4 real estate lessons from the 1%

While reading this article about the aggressive — and ostensibly legal — tax reduction strategies of Ronald S. Lauder (son of Estée), I was struck by this quote from University of Colorado law professor Victor Fleischer: “There’s real truth to the idea that the tax code for the 1 percent is different from the tax code for the 99 percent.”

The connotation? The super-rich have not only cash, but also elite access to loopholes and other advantages to which the 99 percent might aspire, but will never attain.

While the Occupy movement is on a mission to illuminate and shatter power imbalances between the 99 percent and the 1 percent, there’s another angle to take on the issue: Let’s call it the “If you can’t beat ’em, learn from ’em” school of thought.

Along those lines, here are four real estate lessons all of us can take from the 1 percent:

1. Take advantage of government programs/assistance. When the big banks — whose execs certainly belong to the 1 percent — began to experience the fallout of the subprime mortgage meltdown, they threw up their hands, pleaded their case, enrolled governmental advocates and got the bailouts we now know as the $700 billion Troubled Assets Relief Program, or TARP.

Yet many an individual American, whose personal finances have too much at stake to fail — at least as far as their household and local communities are concerned — struggle silently to make their monthly mortgage payment.

More than 20 million American households are upside down on their mortgages.

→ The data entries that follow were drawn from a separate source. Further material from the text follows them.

(* Let $N=\{1,\dots,n\}$, let $\tilde Q\in\mathbb{R}^{n\times n}$ be symmetric positive definite, $\tilde d\in\mathbb{R}^n$, and $a,b\in\mathbb{R}^n$ with $b\le a$ componentwise. Let $A,B\subseteq N$ be disjoint, $I=N\setminus(A\cup B)$, and let $(x,s,t)$ be the KKT solution for $(A,B)$. Let $C=\{i: x_i<b_i \text{ or } s_i<0\}$, $D=\{i: x_i>a_i \text{ or } t_i>0\}$, and let $(y,u,v)$ be the KKT solution for $(C,D)$. Define $S=\{i\in A: s_i\ge0\}$, $T=\{i\in B: t_i\le 0\}$, $U=\{i\in I: x_i<b_i\}$, $V=\{i\in I: x_i>a_i\}$, $W=U\cup V$, $\overline W=N\setminus W$, $R=I\setminus W$, $K=\{i\in S\cup T\cup R: y_i<b_i\}$, $L=\{i\in S\cup T\cup R: y_i>a_i\}$ and $z=y-x$. Then for all real $c,d$, $$L_{c,d}(y,u,v)-L_{c,d}(x,s,t)=\tfrac12\big(z_W^{\top}\tilde Q_W z_W-z_{\overline W}^{\top}\tilde Q_{\overline W}z_{\overline W}\big)+\tfrac c2\sum_{i\in K}|y_i-b_i|^2+\tfrac d2\sum_{i\in L}|y_i-a_i|^2-\tfrac c2\sum_{i\in U}|x_i-b_i|^2-\tfrac d2\sum_{i\in V}|x_i-a_i|^2.$$
   Context: For disjoint $A_1,A_2\subseteq N$, the KKT solution for $(A_1,A_2)$ is the unique triple $(x,s,t)\in(\mathbb{R}^n)^3$ with $x_{A_1}=b_{A_1}$, $x_{A_2}=a_{A_2}$, $s_i=0$ for $i\notin A_1$, $t_i=0$ for $i\notin A_2$, and $\tilde Qx+\tilde d+s+t=0$. The merit function is $L_{c,d}(x,s,t)=\tilde J(x)+\frac c2\|g(x)\|^2+\frac d2\|h(x)\|^2$ with $\tilde J(x)=\tfrac12x^{\top}\tilde Qx+\tilde d^{\top}x$, $g(x)=\max(b-x,0)$, $h(x)=\max(x-a,0)$ componentwise. For $M\subseteq N$, $z_M$ is the subvector of $z$ indexed by $M$ and $\tilde Q_M$ the principal submatrix of $\tilde Q$ indexed by $M$. *)

theory Defs
  imports "HOL-Analysis.Analysis"
begin

text \<open>Index set N = UNIV of a finite type 'n; vectors are real^'n, matrices real^'n^'n.\<close>

definition sym_pos_def_mat :: "real^'n^'n \<Rightarrow> bool" where
  "sym_pos_def_mat Q \<longleftrightarrow> transpose Q = Q \<and> (\<forall>x. x \<noteq> 0 \<longrightarrow> x \<bullet> (Q *v x) > 0)"

definition kkt_solution ::
  "real^'n^'n \<Rightarrow> real^'n \<Rightarrow> real^'n \<Rightarrow> real^'n \<Rightarrow> 'n set \<Rightarrow> 'n set
     \<Rightarrow> real^'n \<Rightarrow> real^'n \<Rightarrow> real^'n \<Rightarrow> bool" where
  "kkt_solution Q dt a b A1 A2 x s t \<longleftrightarrow>
     (\<forall>i\<in>A1. x $ i = b $ i) \<and> (\<forall>i\<in>A2. x $ i = a $ i) \<and>
     (\<forall>i. i \<notin> A1 \<longrightarrow> s $ i = 0) \<and> (\<forall>i. i \<notin> A2 \<longrightarrow> t $ i = 0) \<and>
     Q *v x + dt + s + t = 0"

definition Jt :: "real^'n^'n \<Rightarrow> real^'n \<Rightarrow> real^'n \<Rightarrow> real" where
  "Jt Q dt x = (1/2) * (x \<bullet> (Q *v x)) + dt \<bullet> x"

definition gfun :: "real^'n \<Rightarrow> real^'n \<Rightarrow> real^'n" where
  "gfun b x = (\<chi> i. max (b $ i - x $ i) 0)"

definition hfun :: "real^'n \<Rightarrow> real^'n \<Rightarrow> real^'n" where
  "hfun a x = (\<chi> i. max (x $ i - a $ i) 0)"

text \<open>Merit function L_{c,d}(x,s,t) (independent of s,t as in the paper).\<close>
definition merit ::
  "real^'n^'n \<Rightarrow> real^'n \<Rightarrow> real^'n \<Rightarrow> real^'n \<Rightarrow> real \<Rightarrow> real
     \<Rightarrow> real^'n \<Rightarrow> real^'n \<Rightarrow> real^'n \<Rightarrow> real" where
  "merit Q dt a b c d x s t =
     Jt Q dt x + c/2 * (norm (gfun b x))\<^sup>2 + d/2 * (norm (hfun a x))\<^sup>2"

definition subquad :: "real^'n^'n \<Rightarrow> 'n set \<Rightarrow> real^'n \<Rightarrow> real" where
  "subquad Q M z = (\<Sum>i\<in>M. \<Sum>j\<in>M. z $ i * Q $ i $ j * z $ j)"

end

theory Submission
  imports Defs
begin

text \<open>Split \<open>z = y - x\<close> as \<open>z\<^sub>W + z\<^sub>W\<^sub>b\<^sub>a\<^sub>r\<close>. For symmetric \<open>Q\<close>,
  \<open>J(y) - J(x) = \<nabla>J(x)\<cdot>z\<^sub>W + \<nabla>J(y)\<cdot>z\<^sub>W\<^sub>b\<^sub>a\<^sub>r + (z\<^sub>W\<cdot>Qz\<^sub>W - z\<^sub>W\<^sub>b\<^sub>a\<^sub>r\<cdot>Qz\<^sub>W\<^sub>b\<^sub>a\<^sub>r)/2\<close>,
  and both first-order terms vanish: \<open>\<nabla>J(x) = -(s + t)\<close> is zero on \<open>I \<supseteq> W\<close>, and
  \<open>\<nabla>J(y) = -(u + v)\<close> is zero wherever \<open>y\<close> moves inside \<open>W\<^sub>b\<^sub>a\<^sub>r\<close>, since a coordinate of
  \<open>W\<^sub>b\<^sub>a\<^sub>r\<close> that is active for \<open>(C, D)\<close> lies in \<open>A \<union> B\<close> and keeps its bound. The penalty
  terms are sums over violated bounds, and a coordinate fixed at a bound by a KKT solution violates
  none; this confines the violations of \<open>x\<close> to \<open>U, V\<close> and those of \<open>y\<close> to \<open>K, L\<close>.\<close>

definition vec_restrict :: "'n set \<Rightarrow> real^'n \<Rightarrow> real^'n" where
  "vec_restrict M z = (\<chi> i. if i \<in> M then z $ i else 0)"

lemma vec_restrict_add_compl: "vec_restrict M z + vec_restrict (UNIV - M) z = z"
  by (simp add: vec_restrict_def vec_eq_iff)

lemma subquad_eq_inner: "subquad Q M z = vec_restrict M z \<bullet> (Q *v vec_restrict M z)"
proof -
  have "subquad Q M z =
      (\<Sum>i\<in>UNIV. \<Sum>j\<in>UNIV. (if i \<in> M then z $ i else 0) * Q $ i $ j * (if j \<in> M then z $ j else 0))"
    unfolding subquad_def by (simp add: sum.If_cases if_distrib if_distribR Int_absorb1 Int_absorb2)
  then show ?thesis
    by (simp add: vec_restrict_def inner_vec_def matrix_vector_mult_def sum_distrib_left mult.assoc)
qed

lemma inner_symmetric_matrix_commute:
  fixes Q :: "real^'n^'n"
  assumes "transpose Q = Q"
  shows "p \<bullet> (Q *v q) = q \<bullet> (Q *v p)"
  by (metis assms dot_lmul_matrix inner_commute vector_transpose_matrix)

lemma Jt_diff_split:
  fixes Q :: "real^'n^'n"
  assumes "transpose Q = Q" and "y = x + p + q"
  shows "Jt Q dt y - Jt Q dt x
           = (Q *v x + dt) \<bullet> p + (Q *v y + dt) \<bullet> q + 1/2 * (p \<bullet> (Q *v p) - q \<bullet> (Q *v q))"
  using inner_symmetric_matrix_commute[OF assms(1), of x p] inner_symmetric_matrix_commute[OF assms(1), of x q]
    inner_symmetric_matrix_commute[OF assms(1), of p q]
  unfolding Jt_def assms(2)
  by (simp add: matrix_vector_right_distrib inner_add_left inner_add_right inner_commute algebra_simps)

lemma merit_diff_split:
  fixes Q :: "real^'n^'n"
  assumes "transpose Q = Q"
    and "Q *v x + dt + s + t = 0" and "Q *v y + dt + u + v = 0"
    and "(s + t) \<bullet> vec_restrict W (y - x) = 0"
    and "(u + v) \<bullet> vec_restrict (UNIV - W) (y - x) = 0"
  shows "merit Q dt a b c d y u v - merit Q dt a b c d x s t =
           1/2 * (subquad Q W (y - x) - subquad Q (UNIV - W) (y - x))
           + c/2 * ((norm (gfun b y))\<^sup>2 - (norm (gfun b x))\<^sup>2)
           + d/2 * ((norm (hfun a y))\<^sup>2 - (norm (hfun a x))\<^sup>2)"
proof -
  define p where "p = vec_restrict W (y - x)"
  define q where "q = vec_restrict (UNIV - W) (y - x)"
  have split: "y = x + p + q"
    using vec_restrict_add_compl[of W "y - x"] by (simp add: p_def q_def algebra_simps)
  have grad_x: "Q *v x + dt = - (s + t)" and grad_y: "Q *v y + dt = - (u + v)"
    using assms(2,3) by (simp_all only: eq_neg_iff_add_eq_0 add.assoc)
  have orth_p: "(s + t) \<bullet> p = 0" and orth_q: "(u + v) \<bullet> q = 0"
    using assms(4,5) by (simp_all add: p_def q_def)
  have "Jt Q dt y - Jt Q dt x
      = (Q *v x + dt) \<bullet> p + (Q *v y + dt) \<bullet> q + 1/2 * (p \<bullet> (Q *v p) - q \<bullet> (Q *v q))"
    by (rule Jt_diff_split[OF assms(1) split])
  then have "Jt Q dt y - Jt Q dt x = 1/2 * (p \<bullet> (Q *v p) - q \<bullet> (Q *v q))"
    unfolding grad_x grad_y inner_minus_left orth_p orth_q by simp
  then show ?thesis
    unfolding merit_def p_def q_def subquad_eq_inner by (simp add: algebra_simps)
qed

lemma power2_norm_vec: "(norm (v::real^'n))\<^sup>2 = (\<Sum>i\<in>UNIV. (v $ i)\<^sup>2)"
  by (simp only: power2_norm_eq_inner) (simp add: inner_vec_def power2_eq_square)

lemma power2_norm_gfun: "(norm (gfun b x))\<^sup>2 = (\<Sum>i\<in>{i. x $ i < b $ i}. \<bar>x $ i - b $ i\<bar>\<^sup>2)"
  unfolding power2_norm_vec gfun_def
  by (simp add: max_def if_distrib[of "\<lambda>r. r\<^sup>2"] sum.If_cases Collect_neg_eq[symmetric] not_le power2_commute)

lemma power2_norm_hfun: "(norm (hfun a x))\<^sup>2 = (\<Sum>i\<in>{i. a $ i < x $ i}. \<bar>x $ i - a $ i\<bar>\<^sup>2)"
  unfolding power2_norm_vec hfun_def
  by (simp add: max_def if_distrib[of "\<lambda>r. r\<^sup>2"] sum.If_cases Collect_neg_eq[symmetric] not_le)

lemma kkt_active_within_bounds:
  assumes "kkt_solution Q dt a b A1 A2 x s t" and "\<forall>i. b $ i \<le> a $ i" and "i \<in> A1 \<union> A2"
  shows "b $ i \<le> x $ i \<and> x $ i \<le> a $ i"
  using assms by (auto simp: kkt_solution_def)

lemma kkt_multipliers_orthogonal:
  assumes "kkt_solution Q dt a b A1 A2 x s t" and "\<forall>i\<in>A1 \<union> A2. w $ i = 0"
  shows "(s + t) \<bullet> w = 0"
  unfolding inner_vec_def
proof (rule sum.neutral, intro ballI)
  fix i
  show "(s + t) $ i \<bullet> w $ i = 0"
    using assms by (cases "i \<in> A1 \<union> A2") (auto simp: kkt_solution_def)
qed

lemma kkt_successor_agrees_where_feasible:
  assumes "kkt_solution Q dt a b A B x s t"
    and "kkt_solution Q dt a b {i. x $ i < b $ i \<or> s $ i < 0} {i. x $ i > a $ i \<or> t $ i > 0} y u v"
    and "b $ i \<le> x $ i" "x $ i \<le> a $ i" and "s $ i < 0 \<or> t $ i > 0"
  shows "y $ i = x $ i"
  using assms by (cases "i \<in> A"; cases "i \<in> B") (auto simp: kkt_solution_def)

lemma kkt_successor_multipliers_orthogonal:
  assumes "\<forall>i. b $ i \<le> a $ i"
    and "kkt_solution Q dt a b A B x s t"
    and "kkt_solution Q dt a b {i. x $ i < b $ i \<or> s $ i < 0} {i. x $ i > a $ i \<or> t $ i > 0} y u v"
  shows "(u + v) \<bullet> vec_restrict
           (UNIV - ({i\<in>UNIV - (A \<union> B). x $ i < b $ i} \<union> {i\<in>UNIV - (A \<union> B). x $ i > a $ i})) (y - x) = 0"
proof (rule kkt_multipliers_orthogonal[OF assms(3)], intro ballI)
  fix i assume "i \<in> {i. x $ i < b $ i \<or> s $ i < 0} \<union> {i. x $ i > a $ i \<or> t $ i > 0}"
  then show "vec_restrict (UNIV - ({i\<in>UNIV - (A \<union> B). x $ i < b $ i} \<union>
      {i\<in>UNIV - (A \<union> B). x $ i > a $ i})) (y - x) $ i = 0"
    using kkt_active_within_bounds[OF assms(2,1), of i] kkt_successor_agrees_where_feasible[OF assms(2,3), of i]
    by (auto simp: vec_restrict_def)
qed

theorem mainTheorem3:
  fixes Q :: "real^'n^'n" and dt a b x s t y u v :: "real^'n"
    and A B :: "'n set" and c d :: real
  assumes "sym_pos_def_mat Q"
    and "\<forall>i. b $ i \<le> a $ i"
    and "A \<inter> B = {}"
    and "kkt_solution Q dt a b A B x s t"
    and "kkt_solution Q dt a b
           {i. x $ i < b $ i \<or> s $ i < 0} {i. x $ i > a $ i \<or> t $ i > 0} y u v"
  shows
    "let I = UNIV - (A \<union> B);
         S = {i\<in>A. s $ i \<ge> 0};
         T = {i\<in>B. t $ i \<le> 0};
         U = {i\<in>I. x $ i < b $ i};
         V = {i\<in>I. x $ i > a $ i};
         W = U \<union> V;
         Wbar = UNIV - W;
         R = I - W;
         K = {i\<in>S \<union> T \<union> R. y $ i < b $ i};
         L = {i\<in>S \<union> T \<union> R. y $ i > a $ i};
         z = y - x
     in merit Q dt a b c d y u v - merit Q dt a b c d x s t =
        (1/2) * (subquad Q W z - subquad Q Wbar z)
        + c/2 * (\<Sum>i\<in>K. \<bar>y $ i - b $ i\<bar>\<^sup>2)
        + d/2 * (\<Sum>i\<in>L. \<bar>y $ i - a $ i\<bar>\<^sup>2)
        - c/2 * (\<Sum>i\<in>U. \<bar>x $ i - b $ i\<bar>\<^sup>2)
        - d/2 * (\<Sum>i\<in>V. \<bar>x $ i - a $ i\<bar>\<^sup>2)"
proof -
  define I where "I = UNIV - (A \<union> B)"
  define W where "W = {i\<in>I. x $ i < b $ i} \<union> {i\<in>I. x $ i > a $ i}"
  define M where "M = {i\<in>A. s $ i \<ge> 0} \<union> {i\<in>B. t $ i \<le> 0} \<union> (I - W)"
  note x_bounds = kkt_active_within_bounds[OF assms(4,2)]
  note y_bounds = kkt_active_within_bounds[OF assms(5,2)]
  have orth_W: "(s + t) \<bullet> vec_restrict W (y - x) = 0"
    by (rule kkt_multipliers_orthogonal[OF assms(4)]) (auto simp: W_def I_def vec_restrict_def)
  have orth_Wbar: "(u + v) \<bullet> vec_restrict (UNIV - W) (y - x) = 0"
    using kkt_successor_multipliers_orthogonal[OF assms(2,4,5)] unfolding W_def I_def .
  have "i \<in> I" if "x $ i < b $ i \<or> x $ i > a $ i" for i
    using that x_bounds[of i] by (auto simp: I_def)
  then have lower_x: "{i. x $ i < b $ i} = {i\<in>I. x $ i < b $ i}"
    and upper_x: "{i. a $ i < x $ i} = {i\<in>I. x $ i > a $ i}" by blast+
  have "i \<in> M" if "y $ i < b $ i \<or> y $ i > a $ i" for i
    using that y_bounds[of i] by (auto simp: M_def W_def I_def)
  then have lower_y: "{i. y $ i < b $ i} = {i\<in>M. y $ i < b $ i}"
    and upper_y: "{i. a $ i < y $ i} = {i\<in>M. y $ i > a $ i}" by blast+
  have symQ: "transpose Q = Q"
    using assms(1) by (simp add: sym_pos_def_mat_def)
  have grad_x: "Q *v x + dt + s + t = 0" and grad_y: "Q *v y + dt + u + v = 0"
    using assms(4,5) by (simp_all add: kkt_solution_def)
  show ?thesis
    using merit_diff_split[OF symQ grad_x grad_y orth_W orth_Wbar, where a = a and b = b and c = c and d = d]
    unfolding Let_def I_def[symmetric] W_def[symmetric] M_def[symmetric]
      power2_norm_gfun power2_norm_hfun lower_x upper_x lower_y upper_y
    by argo
qed

end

The Obama administration‘s foreclosure avoidance program, Home Affordable Refinance Program (HARP), was designed to help 5 million homeowners refinance into lower interest rates and payments.

At last count, earlier this fall, HARP had actually helped only 62,500 seriously underwater homeowners, and fewer than 900,000 homeowners total — a number so low Congressional Republicans sought to wind the program down. The Obama administration revised the program in hopes of helping more homeowners. (In 2009, the administration projected 4 million HARP refinances by fall 2011.)

The Main Street bailout is here and, whether you think it’s sufficient or not, it seems indisputable that it is vastly underutilized.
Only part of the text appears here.